→ **Work instruction**: Look in the material below for the line with "d (center (parent" and the line with "using parent_axis[OF assms(1,2)]", then set down exactly those two lines and all lines between, nothing more.

[[ Input data, beginning ]]

lemma parent_in_cells:
  assumes "\<nu> \<in> cells" "\<nu> \<noteq> root_cell"
  shows "parent \<nu> \<in> cells"
proof -
  have "\<nu> (parent_axis \<nu>) < n_cells"
    using PiE_mem[OF assms(1)[unfolded cells_def] parent_axis(1)[OF assms]] by simp
  then have "\<nu> (parent_axis \<nu>) - 1 < n_cells" by simp
  then show ?thesis
    using assms parent_axis(1)[OF assms] unfolding parent_def cells_def
    by (auto simp: PiE_iff extensional_def)
qed

lemma sum_parent_less:
  assumes "\<nu> \<in> cells" "\<nu> \<noteq> root_cell"
  shows "sum (parent \<nu>) {1..d} < sum \<nu> {1..d}"
proof -
  note j = parent_axis[OF assms]
  have "sum (parent \<nu>) {1..d} = parent \<nu> (parent_axis \<nu>) + sum \<nu> ({1..d} - {parent_axis \<nu>})"
    using j by (simp add: sum.remove parent_def)
  also have "\<dots> < \<nu> (parent_axis \<nu>) + sum \<nu> ({1..d} - {parent_axis \<nu>})"
    using j by (simp add: parent_def)
  also have "\<dots> = sum \<nu> {1..d}" using j by (simp add: sum.remove)
  finally show ?thesis .
qed

lemma cell_box_subset_parent_box:
  assumes "\<nu> \<in> cells" "\<nu> \<noteq> root_cell" "x \<in> coord_box d (center \<nu>) \<rho>"
  shows "x \<in> coord_box d (center (parent \<nu>)) (3 * \<rho>)"
proof -
  have "\<bar>center \<nu> j - center (parent \<nu>) j\<bar> \<le> 2 * \<rho>" for j
    using parent_axis[OF assms(1,2)] \<rho>_pos by (auto simp: parent_def center_def of_nat_diff algebra_simps)
  then show ?thesis
    using assms(3) unfolding coord_box_def by (smt (verit) mem_Collect_eq)
qed

lemma node_in_cell_box: "t \<in> nodes \<Longrightarrow> node \<nu> t \<in> coord_box d (center \<nu>) \<rho>"
  unfolding node_def nodes_def using grid_node_in_coord_box D_ge_1 \<rho>_pos by blast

[[ Input data, end ]]

→ **Task solution**:
  shows "x \<in> coord_box d (center (parent \<nu>)) (3 * \<rho>)"
proof -
  have "\<bar>center \<nu> j - center (parent \<nu>) j\<bar> \<le> 2 * \<rho>" for j
    using parent_axis[OF assms(1,2)] \<rho>_pos by (auto simp: parent_def center_def of_nat_diff algebra_simps)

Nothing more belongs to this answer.